◆ **Problem to solve**: Which lines run from the one containing "using \<sigma> that" to the end of the entries below? Reproduce them exactly, both ends included.

◆ **Given information**:
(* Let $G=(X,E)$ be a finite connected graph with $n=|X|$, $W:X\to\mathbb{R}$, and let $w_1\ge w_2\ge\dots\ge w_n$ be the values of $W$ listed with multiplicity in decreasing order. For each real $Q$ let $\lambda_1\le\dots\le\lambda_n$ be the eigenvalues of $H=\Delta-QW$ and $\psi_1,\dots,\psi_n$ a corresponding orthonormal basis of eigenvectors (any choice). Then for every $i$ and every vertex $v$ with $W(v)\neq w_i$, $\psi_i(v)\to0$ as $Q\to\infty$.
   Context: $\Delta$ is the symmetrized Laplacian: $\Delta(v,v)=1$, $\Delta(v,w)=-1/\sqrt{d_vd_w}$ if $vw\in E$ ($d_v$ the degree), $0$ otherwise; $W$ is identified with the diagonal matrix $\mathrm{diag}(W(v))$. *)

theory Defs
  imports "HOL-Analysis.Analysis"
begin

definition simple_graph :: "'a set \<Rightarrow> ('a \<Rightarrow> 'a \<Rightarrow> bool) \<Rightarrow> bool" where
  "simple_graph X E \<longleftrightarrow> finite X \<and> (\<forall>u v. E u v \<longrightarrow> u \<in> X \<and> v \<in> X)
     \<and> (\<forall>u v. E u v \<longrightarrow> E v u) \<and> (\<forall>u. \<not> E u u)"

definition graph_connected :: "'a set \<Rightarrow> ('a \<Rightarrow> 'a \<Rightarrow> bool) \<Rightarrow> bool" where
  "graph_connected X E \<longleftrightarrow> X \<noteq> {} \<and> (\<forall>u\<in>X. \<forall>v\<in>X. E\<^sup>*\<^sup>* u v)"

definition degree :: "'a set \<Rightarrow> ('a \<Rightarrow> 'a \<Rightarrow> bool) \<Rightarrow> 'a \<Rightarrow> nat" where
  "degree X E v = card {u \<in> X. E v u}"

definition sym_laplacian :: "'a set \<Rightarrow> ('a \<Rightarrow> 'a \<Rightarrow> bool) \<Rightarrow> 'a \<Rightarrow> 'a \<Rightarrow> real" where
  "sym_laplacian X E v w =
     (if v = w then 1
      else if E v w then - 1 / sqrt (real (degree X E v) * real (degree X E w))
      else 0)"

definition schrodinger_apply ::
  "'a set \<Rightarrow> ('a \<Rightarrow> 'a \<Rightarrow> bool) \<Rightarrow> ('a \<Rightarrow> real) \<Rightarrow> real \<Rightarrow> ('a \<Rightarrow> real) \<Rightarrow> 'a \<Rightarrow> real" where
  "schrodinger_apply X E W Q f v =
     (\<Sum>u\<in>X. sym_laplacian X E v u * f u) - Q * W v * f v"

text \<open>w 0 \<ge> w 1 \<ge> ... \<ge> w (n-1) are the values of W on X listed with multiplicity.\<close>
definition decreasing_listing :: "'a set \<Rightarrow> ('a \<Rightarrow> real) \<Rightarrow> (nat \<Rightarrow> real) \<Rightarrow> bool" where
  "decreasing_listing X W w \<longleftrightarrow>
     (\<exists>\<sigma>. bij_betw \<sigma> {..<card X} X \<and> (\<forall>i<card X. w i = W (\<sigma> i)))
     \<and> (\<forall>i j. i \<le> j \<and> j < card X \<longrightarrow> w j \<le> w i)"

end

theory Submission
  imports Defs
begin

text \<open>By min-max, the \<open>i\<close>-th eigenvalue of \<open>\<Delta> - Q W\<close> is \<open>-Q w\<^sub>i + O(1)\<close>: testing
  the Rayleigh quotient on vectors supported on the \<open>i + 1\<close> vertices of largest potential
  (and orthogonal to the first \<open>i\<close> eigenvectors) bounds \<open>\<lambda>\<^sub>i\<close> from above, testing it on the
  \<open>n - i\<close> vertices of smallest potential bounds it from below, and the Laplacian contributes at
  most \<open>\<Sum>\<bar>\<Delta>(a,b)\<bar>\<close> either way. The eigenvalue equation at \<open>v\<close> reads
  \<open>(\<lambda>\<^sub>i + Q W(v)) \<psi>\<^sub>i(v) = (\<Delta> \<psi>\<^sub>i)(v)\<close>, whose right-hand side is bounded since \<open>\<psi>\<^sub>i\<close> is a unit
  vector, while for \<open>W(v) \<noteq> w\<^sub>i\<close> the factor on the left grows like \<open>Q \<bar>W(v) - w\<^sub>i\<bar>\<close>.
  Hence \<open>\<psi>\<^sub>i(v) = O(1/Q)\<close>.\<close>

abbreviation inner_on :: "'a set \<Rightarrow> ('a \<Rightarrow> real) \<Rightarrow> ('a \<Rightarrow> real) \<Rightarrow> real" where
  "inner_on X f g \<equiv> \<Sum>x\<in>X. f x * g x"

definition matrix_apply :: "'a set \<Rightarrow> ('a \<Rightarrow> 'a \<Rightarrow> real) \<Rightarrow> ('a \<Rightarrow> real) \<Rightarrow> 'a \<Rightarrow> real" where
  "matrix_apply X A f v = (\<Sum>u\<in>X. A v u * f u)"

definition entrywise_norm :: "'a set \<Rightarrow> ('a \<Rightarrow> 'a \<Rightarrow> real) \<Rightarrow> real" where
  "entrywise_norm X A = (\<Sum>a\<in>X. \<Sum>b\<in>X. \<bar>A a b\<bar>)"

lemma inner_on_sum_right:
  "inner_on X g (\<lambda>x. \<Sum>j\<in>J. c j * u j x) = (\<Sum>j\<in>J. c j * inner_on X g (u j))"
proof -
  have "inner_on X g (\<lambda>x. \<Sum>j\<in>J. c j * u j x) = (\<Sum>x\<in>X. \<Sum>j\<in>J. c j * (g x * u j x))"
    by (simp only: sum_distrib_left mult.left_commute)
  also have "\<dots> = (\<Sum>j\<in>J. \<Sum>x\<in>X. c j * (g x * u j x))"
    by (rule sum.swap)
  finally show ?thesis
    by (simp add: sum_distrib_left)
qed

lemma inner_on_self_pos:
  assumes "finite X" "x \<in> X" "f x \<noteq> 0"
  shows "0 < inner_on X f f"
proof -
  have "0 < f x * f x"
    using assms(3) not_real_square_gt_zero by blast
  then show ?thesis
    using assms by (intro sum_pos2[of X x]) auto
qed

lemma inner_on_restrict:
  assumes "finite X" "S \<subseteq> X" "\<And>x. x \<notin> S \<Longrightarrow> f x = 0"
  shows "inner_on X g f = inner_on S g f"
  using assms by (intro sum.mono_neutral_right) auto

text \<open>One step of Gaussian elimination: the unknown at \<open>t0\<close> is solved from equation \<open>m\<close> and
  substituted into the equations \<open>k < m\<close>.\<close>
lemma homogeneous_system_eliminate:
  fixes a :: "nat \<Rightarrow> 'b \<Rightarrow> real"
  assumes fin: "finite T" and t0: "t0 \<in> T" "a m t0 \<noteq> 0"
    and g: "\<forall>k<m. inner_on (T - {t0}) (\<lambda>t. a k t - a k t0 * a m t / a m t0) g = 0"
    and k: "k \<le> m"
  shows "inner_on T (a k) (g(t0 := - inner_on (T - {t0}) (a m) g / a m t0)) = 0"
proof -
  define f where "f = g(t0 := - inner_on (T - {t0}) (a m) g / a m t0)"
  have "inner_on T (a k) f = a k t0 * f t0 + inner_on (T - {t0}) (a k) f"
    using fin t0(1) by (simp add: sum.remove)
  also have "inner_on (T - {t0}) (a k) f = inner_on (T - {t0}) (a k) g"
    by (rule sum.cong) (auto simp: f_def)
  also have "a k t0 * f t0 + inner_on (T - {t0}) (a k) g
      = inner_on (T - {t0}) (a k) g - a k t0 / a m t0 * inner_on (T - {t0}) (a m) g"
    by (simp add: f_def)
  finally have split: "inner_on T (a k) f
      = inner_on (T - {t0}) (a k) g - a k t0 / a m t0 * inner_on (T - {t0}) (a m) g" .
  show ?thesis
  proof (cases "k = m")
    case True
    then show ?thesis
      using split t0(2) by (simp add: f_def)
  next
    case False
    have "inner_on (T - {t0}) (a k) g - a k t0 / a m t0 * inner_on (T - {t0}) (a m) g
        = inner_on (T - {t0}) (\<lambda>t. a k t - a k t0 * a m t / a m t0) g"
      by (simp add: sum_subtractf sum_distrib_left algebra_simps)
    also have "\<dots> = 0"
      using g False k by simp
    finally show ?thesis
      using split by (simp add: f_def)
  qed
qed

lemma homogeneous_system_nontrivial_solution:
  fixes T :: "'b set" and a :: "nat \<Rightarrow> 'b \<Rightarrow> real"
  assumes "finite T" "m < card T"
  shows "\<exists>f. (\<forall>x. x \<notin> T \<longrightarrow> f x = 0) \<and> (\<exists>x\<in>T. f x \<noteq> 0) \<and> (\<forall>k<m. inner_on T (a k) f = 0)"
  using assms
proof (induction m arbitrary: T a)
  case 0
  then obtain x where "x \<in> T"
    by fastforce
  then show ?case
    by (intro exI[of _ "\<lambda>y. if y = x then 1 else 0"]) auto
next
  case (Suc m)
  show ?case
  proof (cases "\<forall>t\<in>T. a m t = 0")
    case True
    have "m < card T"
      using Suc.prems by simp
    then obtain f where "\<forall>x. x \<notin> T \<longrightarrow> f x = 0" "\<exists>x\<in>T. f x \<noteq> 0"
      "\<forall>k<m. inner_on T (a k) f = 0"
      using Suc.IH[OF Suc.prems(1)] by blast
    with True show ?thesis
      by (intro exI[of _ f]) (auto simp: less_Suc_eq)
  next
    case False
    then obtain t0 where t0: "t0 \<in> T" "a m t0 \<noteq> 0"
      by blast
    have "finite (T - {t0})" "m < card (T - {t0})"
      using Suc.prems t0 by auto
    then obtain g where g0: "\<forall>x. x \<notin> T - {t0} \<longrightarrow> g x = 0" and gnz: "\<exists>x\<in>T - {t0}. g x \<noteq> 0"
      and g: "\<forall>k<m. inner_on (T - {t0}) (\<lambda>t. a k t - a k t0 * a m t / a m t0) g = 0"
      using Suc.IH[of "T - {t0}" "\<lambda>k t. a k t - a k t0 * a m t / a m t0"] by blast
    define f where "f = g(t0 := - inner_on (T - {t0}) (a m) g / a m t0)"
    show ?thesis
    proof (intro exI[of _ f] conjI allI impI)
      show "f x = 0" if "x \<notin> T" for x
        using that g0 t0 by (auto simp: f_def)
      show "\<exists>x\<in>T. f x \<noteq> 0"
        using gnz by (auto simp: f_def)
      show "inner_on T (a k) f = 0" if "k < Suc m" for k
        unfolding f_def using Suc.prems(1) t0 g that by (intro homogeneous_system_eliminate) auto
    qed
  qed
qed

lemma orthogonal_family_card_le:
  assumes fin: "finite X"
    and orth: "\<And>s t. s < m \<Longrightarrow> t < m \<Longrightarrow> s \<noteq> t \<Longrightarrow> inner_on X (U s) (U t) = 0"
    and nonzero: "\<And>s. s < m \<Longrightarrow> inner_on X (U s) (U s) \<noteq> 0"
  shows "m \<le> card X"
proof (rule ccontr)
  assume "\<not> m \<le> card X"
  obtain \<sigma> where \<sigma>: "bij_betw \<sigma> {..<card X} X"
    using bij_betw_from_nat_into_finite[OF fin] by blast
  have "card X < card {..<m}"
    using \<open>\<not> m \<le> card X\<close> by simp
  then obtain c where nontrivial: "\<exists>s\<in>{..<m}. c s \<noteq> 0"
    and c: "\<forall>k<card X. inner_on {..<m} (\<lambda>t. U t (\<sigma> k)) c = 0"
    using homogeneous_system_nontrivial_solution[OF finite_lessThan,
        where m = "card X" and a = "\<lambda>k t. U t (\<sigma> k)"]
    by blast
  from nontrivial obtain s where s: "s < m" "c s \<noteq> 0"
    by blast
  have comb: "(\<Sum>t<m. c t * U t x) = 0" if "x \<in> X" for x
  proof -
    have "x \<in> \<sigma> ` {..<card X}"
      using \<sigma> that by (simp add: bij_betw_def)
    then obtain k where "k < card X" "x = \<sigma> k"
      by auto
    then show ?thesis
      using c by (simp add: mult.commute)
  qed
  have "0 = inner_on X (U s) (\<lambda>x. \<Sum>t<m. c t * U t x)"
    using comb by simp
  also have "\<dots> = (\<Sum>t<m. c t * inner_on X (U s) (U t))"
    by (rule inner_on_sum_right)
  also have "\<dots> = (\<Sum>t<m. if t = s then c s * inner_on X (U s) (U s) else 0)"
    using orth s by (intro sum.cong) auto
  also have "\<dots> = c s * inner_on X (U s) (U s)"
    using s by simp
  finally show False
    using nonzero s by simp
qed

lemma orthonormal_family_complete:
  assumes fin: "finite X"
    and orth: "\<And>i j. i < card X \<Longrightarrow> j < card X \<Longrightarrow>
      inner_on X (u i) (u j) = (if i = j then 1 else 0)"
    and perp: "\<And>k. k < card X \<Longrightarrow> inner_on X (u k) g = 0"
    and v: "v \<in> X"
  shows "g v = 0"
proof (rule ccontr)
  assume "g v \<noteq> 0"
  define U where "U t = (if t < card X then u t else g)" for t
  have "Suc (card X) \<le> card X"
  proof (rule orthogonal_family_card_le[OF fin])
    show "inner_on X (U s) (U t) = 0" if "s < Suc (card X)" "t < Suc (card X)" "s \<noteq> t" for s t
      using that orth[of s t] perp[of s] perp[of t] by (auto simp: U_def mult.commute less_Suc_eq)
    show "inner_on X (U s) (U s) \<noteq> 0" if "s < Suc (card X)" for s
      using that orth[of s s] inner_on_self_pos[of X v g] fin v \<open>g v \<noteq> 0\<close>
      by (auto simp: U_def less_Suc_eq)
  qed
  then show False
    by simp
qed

◆ **Output for this task**:
      using \<sigma> that by (simp add: bij_betw_def)
    then obtain k where "k < card X" "x = \<sigma> k"
      by auto
    then show ?thesis
      using c by (simp add: mult.commute)
  qed
  have "0 = inner_on X (U s) (\<lambda>x. \<Sum>t<m. c t * U t x)"
    using comb by simp
  also have "\<dots> = (\<Sum>t<m. c t * inner_on X (U s) (U t))"
    by (rule inner_on_sum_right)
  also have "\<dots> = (\<Sum>t<m. if t = s then c s * inner_on X (U s) (U s) else 0)"
    using orth s by (intro sum.cong) auto
  also have "\<dots> = c s * inner_on X (U s) (U s)"
    using s by simp
  finally show False
    using nonzero s by simp
qed

lemma orthonormal_family_complete:
  assumes fin: "finite X"
    and orth: "\<And>i j. i < card X \<Longrightarrow> j < card X \<Longrightarrow>
      inner_on X (u i) (u j) = (if i = j then 1 else 0)"
    and perp: "\<And>k. k < card X \<Longrightarrow> inner_on X (u k) g = 0"
    and v: "v \<in> X"
  shows "g v = 0"
proof (rule ccontr)
  assume "g v \<noteq> 0"
  define U where "U t = (if t < card X then u t else g)" for t
  have "Suc (card X) \<le> card X"
  proof (rule orthogonal_family_card_le[OF fin])
    show "inner_on X (U s) (U t) = 0" if "s < Suc (card X)" "t < Suc (card X)" "s \<noteq> t" for s t
      using that orth[of s t] perp[of s] perp[of t] by (auto simp: U_def mult.commute less_Suc_eq)
    show "inner_on X (U s) (U s) \<noteq> 0" if "s < Suc (card X)" for s
      using that orth[of s s] inner_on_self_pos[of X v g] fin v \<open>g v \<noteq> 0\<close>
      by (auto simp: U_def less_Suc_eq)
  qed
  then show False
    by simp
qed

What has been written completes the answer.